Una notte, mentre praticavo il sogno lucido, ho fatto quello che Don Juan consigliava ai suoi allievi: ho guardato le mie mani. Ma ciò che vidi non furono le mie mani, bensì delle mani femminili, delicate, che tenevo tra le mie. Non potevo distinguere un volto, né una figura, ma sentivo chiaramente una presenza. Era l’energia di una persona che, dopo un breve periodo, sarebbe diventata mia moglie. In quel momento, nel sogno, ancora non sapevo che quell’episodio sarebbe stato molto più di un semplice gioco della mente.

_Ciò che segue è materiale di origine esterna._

lemma tendsto_integral_symmetric_interval:
  fixes f :: "real \<Rightarrow> 'a::euclidean_space"
  assumes "integrable lborel f"
  shows "((\<lambda>R. integral {-R..R} f) \<longlongrightarrow> integral\<^sup>L lborel f) at_top"
proof -
  have "((\<lambda>R. LINT x|lborel. indicator {-R..R} x *\<^sub>R f x) \<longlongrightarrow> integral\<^sup>L lborel f) at_top"
  proof (rule integral_dominated_convergence_at_top[where w="\<lambda>x. norm (f x)"])
    show "f \<in> borel_measurable lborel" "integrable lborel (\<lambda>x. norm (f x))" using assms by simp_all
    then show "(\<lambda>x. indicator {-R..R} x *\<^sub>R f x) \<in> borel_measurable lborel" for R by measurable
    show "\<forall>\<^sub>F R in at_top. AE x in lborel. norm (indicator {-R..R} x *\<^sub>R f x) \<le> norm (f x)"
      by (simp add: indicator_def)
    show "AE x in lborel. ((\<lambda>R. indicator {-R..R} x *\<^sub>R f x) \<longlongrightarrow> f x) at_top"
    proof (rule AE_I2, rule tendsto_eventually)
      show "\<forall>\<^sub>F R in at_top. indicator {-R..R} x *\<^sub>R f x = f x" for x
        using eventually_ge_at_top[of "\<bar>x\<bar>"] by eventually_elim (auto simp: indicator_def)
    qed
  qed
  moreover have "(LINT x|lborel. indicator {-R..R} x *\<^sub>R f x) = integral {-R..R} f" for R
    using set_borel_integral_eq_integral(2)[of "{-R..R}" f] assms
    by (simp add: set_integrable_def set_lebesgue_integral_def integrable_mult_indicator)
  ultimately show ?thesis by simp
qed

lemma upper_half_plane_integral_eq_0:
  fixes h :: "complex \<Rightarrow> complex"
  assumes cont: "continuous_on {z. 0 \<le> Im z} h" and holo: "h holomorphic_on {z. 0 < Im z}"
    and "b < 0"
    and bound: "\<And>z. 0 \<le> Im z \<Longrightarrow> norm (h z) \<le> K * exp (b * Im z)"
    and decay: "\<And>z. 0 \<le> Im z \<Longrightarrow> (norm z)\<^sup>2 * norm (h z) \<le> K"
  shows "integrable lborel (\<lambda>x. h (of_real x))" "(LINT x|lborel. h (of_real x)) = 0"
proof -
  have K: "0 \<le> K" using decay[of 0] by simp
  have dominated: "norm (h (of_real x)) \<le> norm (2 * K * inverse (1 + x\<^sup>2))" for x
  proof -
    have "norm (h (of_real x)) \<le> K" "x\<^sup>2 * norm (h (of_real x)) \<le> K"
      using bound[of "of_real x"] decay[of "of_real x"] by simp_all
    then have "(1 + x\<^sup>2) * norm (h (of_real x)) \<le> 2 * K" by (simp add: algebra_simps)
    then show ?thesis using K by (simp add: field_simps add_pos_nonneg)
  qed
  have dominant: "integrable lborel (\<lambda>x::real. 2 * K * inverse (1 + x\<^sup>2))"
    using integrable_inverse_1_plus_square by (simp add: set_integrable_def einterval_def)
  have "continuous_on UNIV (\<lambda>x. h (of_real x))"
    by (rule continuous_on_compose2[OF cont continuous_on_of_real]) auto
  then have "(\<lambda>x. h (of_real x)) \<in> borel_measurable lborel"
    by (simp add: borel_measurable_continuous_onI)
  then show integrable: "integrable lborel (\<lambda>x. h (of_real x))"
    using dominated by (intro Bochner_Integration.integrable_bound[OF dominant]) simp_all
  have "\<forall>\<^sub>F R in at_top. norm (integral {-R..R} (\<lambda>x. h (of_real x))) \<le> 2 * K / R + 2 * K * R * exp (b * R)"
    using eventually_gt_at_top[of 0]
    by eventually_elim (rule norm_integral_upper_rectangle_le[OF cont holo bound decay])
  moreover have "((\<lambda>R. 2 * K / R + 2 * K * R * exp (b * R)) \<longlongrightarrow> 0) at_top"
    using tendsto_mult_left[OF tendsto_times_exp_at_top[OF \<open>b < 0\<close>], of "2 * K"]
    by (intro tendsto_add_zero tendsto_divide_0[OF tendsto_const]
        filterlim_at_top_imp_at_infinity[OF filterlim_ident]) (simp_all add: mult_ac)
  ultimately have "((\<lambda>R. integral {-R..R} (\<lambda>x. h (of_real x))) \<longlongrightarrow> 0) at_top"
    by (rule Lim_null_comparison)
  from tendsto_unique[OF _ tendsto_integral_symmetric_interval[OF integrable] this]
  show "(LINT x|lborel. h (of_real x)) = 0" by simp
qed

lemma bounded_times_fourier_laplace_integral_eq_0:
  fixes F :: "complex \<Rightarrow> complex"
  assumes "continuous_on {z. 0 \<le> Im z} F" "F holomorphic_on {z. 0 < Im z}"
    and "\<And>z. 0 \<le> Im z \<Longrightarrow> norm (F z) \<le> 1"
    and "a \<le> b" "b < 0"
    and "\<And>t. (\<phi> has_real_derivative \<phi>' t) (at t)"
    and "\<And>t. (\<phi>' has_real_derivative \<phi>'' t) (at t)"
    and "continuous_on {a..b} \<phi>''"
    and "\<phi> a = 0" "\<phi>' a = 0" "\<phi> b = 0" "\<phi>' b = 0"
  shows "integrable lborel (\<lambda>\<omega>. F (of_real \<omega>) * fourier_laplace \<phi> a b (of_real \<omega>))"
    and "(LINT \<omega>|lborel. F (of_real \<omega>) * fourier_laplace \<phi> a b (of_real \<omega>)) = 0"
proof -
  obtain K where bound: "\<And>z. 0 \<le> Im z \<Longrightarrow> norm (fourier_laplace \<phi> a b z) \<le> K * exp (b * Im z)"
    and decay: "\<And>z. 0 \<le> Im z \<Longrightarrow> (norm z)\<^sup>2 * norm (fourier_laplace \<phi> a b z) \<le> K * exp (b * Im z)"
    using fourier_laplace_decay[OF assms(4,6-12)] by blast
  have "continuous_on {a..b} \<phi>"
    using assms(6) by (intro continuous_at_imp_continuous_on ballI DERIV_isCont)
  then have holo: "fourier_laplace \<phi> a b holomorphic_on UNIV"
    by (rule fourier_laplace_holomorphic)
  have K: "0 \<le> K" using decay[of 0] by simp
  have F_le: "norm (F z * fourier_laplace \<phi> a b z) \<le> norm (fourier_laplace \<phi> a b z)"
    if "0 \<le> Im z" for z
    using assms(3)[OF that] by (simp add: norm_mult mult_left_le_one_le)
  have "continuous_on {z. 0 \<le> Im z} (\<lambda>z. F z * fourier_laplace \<phi> a b z)"
    using assms(1) holomorphic_on_imp_continuous_on[OF holo]
    by (intro continuous_intros) (auto intro: continuous_on_subset)
  moreover have "(\<lambda>z. F z * fourier_laplace \<phi> a b z) holomorphic_on {z. 0 < Im z}"
    using holomorphic_on_subset[OF holo] by (intro holomorphic_intros assms(2)) auto
  moreover have "norm (F z * fourier_laplace \<phi> a b z) \<le> K * exp (b * Im z)" if "0 \<le> Im z" for z
    using F_le[OF that] bound[OF that] by linarith
  moreover have "(norm z)\<^sup>2 * norm (F z * fourier_laplace \<phi> a b z) \<le> K" if "0 \<le> Im z" for z
  proof -
    have "(norm z)\<^sup>2 * norm (F z * fourier_laplace \<phi> a b z) \<le> K * exp (b * Im z)"
      using mult_left_mono[OF F_le[OF that], of "(norm z)\<^sup>2"] decay[OF that] by simp
    also have "\<dots> \<le> K"
      using K assms(5) that by (intro mult_right_le_one_le) (simp_all add: mult_nonpos_nonneg)
    finally show ?thesis .
  qed
  ultimately show "integrable lborel (\<lambda>\<omega>. F (of_real \<omega>) * fourier_laplace \<phi> a b (of_real \<omega>))"
    and "(LINT \<omega>|lborel. F (of_real \<omega>) * fourier_laplace \<phi> a b (of_real \<omega>)) = 0"
    using upper_half_plane_integral_eq_0[OF _ _ assms(5)] by blast+
qed

lemma test_fun_neg_support:
  assumes "test_fun_neg \<phi>"
  obtains a b where "a < b" "b < 0" "\<And>t. t \<le> a \<or> b \<le> t \<Longrightarrow> \<phi> t = 0 \<and> deriv \<phi> t = 0"
proof -
  define S where "S = closure {t. \<phi> t \<noteq> 0}"
  have S: "compact S" "S \<subseteq> {..<0}" using assms by (auto simp: test_fun_neg_def S_def)
  obtain b0 where b0: "b0 < 0" "S \<subseteq> {..b0}"
  proof (cases "S = {}")
    case True
    then show ?thesis using that[of "-1"] by simp
  next
    case False
    then obtain m where "m \<in> S" "\<forall>t\<in>S. t \<le> m" using compact_attains_sup[OF S(1)] by blast
    then show ?thesis using that[of m] S(2) by auto
  qed
  obtain B where B: "\<forall>t\<in>S. \<bar>t\<bar> \<le> B" using compact_imp_bounded[OF S(1)] bounded_real by blast
  have "S \<subseteq> {-B..b0}"
  proof
    fix t assume "t \<in> S"
    then show "t \<in> {-B..b0}" using B b0(2) by (auto simp: abs_le_iff)
  qed
  define U where "U = - {-B..b0}"
  have "open U" unfolding U_def by (intro open_Compl closed_atLeastAtMost)
  have zero: "\<phi> t = 0" if "t \<in> U" for t
    using that \<open>S \<subseteq> {-B..b0}\<close> closure_subset[of "{t. \<phi> t \<noteq> 0}"] unfolding U_def S_def by blast
  show ?thesis
  proof (rule that)
    show "min (-B) b0 - 1 < b0 / 2" "b0 / 2 < 0" using b0(1) by auto
    fix t assume "t \<le> min (-B) b0 - 1 \<or> b0 / 2 \<le> t"
    then have "t \<in> U" using b0(1) by (auto simp: U_def)
    then have "(\<phi> has_real_derivative 0) (at t)"
      using has_field_derivative_transform_within_open[OF DERIV_const \<open>open U\<close>] zero by simp
    then show "\<phi> t = 0 \<and> deriv \<phi> t = 0" using zero[OF \<open>t \<in> U\<close>] DERIV_imp_deriv by blast
  qed
qed

lemma smooth_fun_derivatives:
  assumes "smooth_fun \<phi>"
  shows "(\<phi> has_real_derivative deriv \<phi> t) (at t)"
    and "(deriv \<phi> has_real_derivative deriv (deriv \<phi>) t) (at t)"
    and "continuous_on A (deriv (deriv \<phi>))"
proof -
  have differentiable: "(deriv ^^ k) \<phi> differentiable (at t)" for k t
    using assms by (simp add: smooth_fun_def)
  show "(\<phi> has_real_derivative deriv \<phi> t) (at t)"
    using differentiable[of 0] by (simp add: DERIV_deriv_iff_real_differentiable)
  show "(deriv \<phi> has_real_derivative deriv (deriv \<phi>) t) (at t)"
    using differentiable[of 1] by (simp add: DERIV_deriv_iff_real_differentiable)
  have "deriv (deriv \<phi>) differentiable (at t)" for t
    using differentiable[of 2] by (simp add: numeral_2_eq_2)
  then show "continuous_on A (deriv (deriv \<phi>))"
    by (intro continuous_at_imp_continuous_on ballI differentiable_imp_continuous_within)
qed

lemma inv_fourier_fun_eq_fourier_laplace:
  assumes "continuous_on {a..b} \<phi>" "\<And>t. t \<notin> {a..b} \<Longrightarrow> \<phi> t = 0"
  shows "inv_fourier_fun \<phi> \<omega> = of_real (1 / sqrt (2 * pi)) * fourier_laplace \<phi> a b (of_real \<omega>)"
proof -
  define f where "f = (\<lambda>t. exp (- \<i> * (of_real \<omega> * of_real t)) * of_real (\<phi> t))"
  have "(\<lambda>t. exp (- \<i> * of_real (\<omega> * t)) * of_real (\<phi> t)) = (\<lambda>t. indicator {a..b} t *\<^sub>R f t)"
    using assms(2) by (auto simp: f_def indicator_def)
  moreover have "set_integrable lborel {a..b} f"
    unfolding f_def using assms(1) by (intro borel_integrable_atLeastAtMost' continuous_intros)
  ultimately have "(LINT t|lborel. exp (- \<i> * of_real (\<omega> * t)) * of_real (\<phi> t)) = integral {a..b} f"
    using set_borel_integral_eq_integral(2) by (simp add: set_lebesgue_integral_def)
  then show ?thesis by (simp add: inv_fourier_fun_def fourier_laplace_def f_def)
qed

lemma (in ksb_parameters) exp_minus_alpha:
  assumes "0 \<le> r"
  shows "continuous_on {z. 0 \<le> Im z} (\<lambda>z. exp (- alpha z * of_real r))"
    and "(\<lambda>z. exp (- alpha z * of_real r)) holomorphic_on {z. 0 < Im z}"
    and "0 \<le> Im z \<Longrightarrow> norm (exp (- alpha z * of_real r)) \<le> 1"
proof -
  show "continuous_on {z. 0 \<le> Im z} (\<lambda>z. exp (- alpha z * of_real r))"
    by (intro continuous_on_exp continuous_on_mult continuous_on_minus alpha_continuous_on
        continuous_on_const)
  have "alpha holomorphic_on {z. 0 < Im z}"
    by (rule holomorphic_on_subset[OF alpha_holomorphic]) auto
  then show "(\<lambda>z. exp (- alpha z * of_real r)) holomorphic_on {z. 0 < Im z}"
    by (intro holomorphic_intros)
  show "norm (exp (- alpha z * of_real r)) \<le> 1" if "0 \<le> Im z"
    using Re_alpha_nonneg[OF that] assms by (simp add: mult_nonneg_nonneg)
qed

Questo evento mi ha confermato ancora una volta che esistono cose che vanno oltre la logica, ma che non per questo sono meno reali.
Quando ho scoperto per la prima volta la Matrice del Destino, ho capito che essa rappresentava la naturale prosecuzione del mio cammino. Ha confermato ciò che avevo sempre percepito intuitivamente: la vita di ogni persona non è caos, ma un sistema armonioso di energie, talenti e missioni da compiere.
Ho iniziato ad approfondire lo studio dei numeri, a realizzare calcoli personalizzati, osservando come questi strumenti aiutassero le persone a scoprire la loro vera essenza.
Questo progetto non è solo un servizio, è il riflesso della mia filosofia.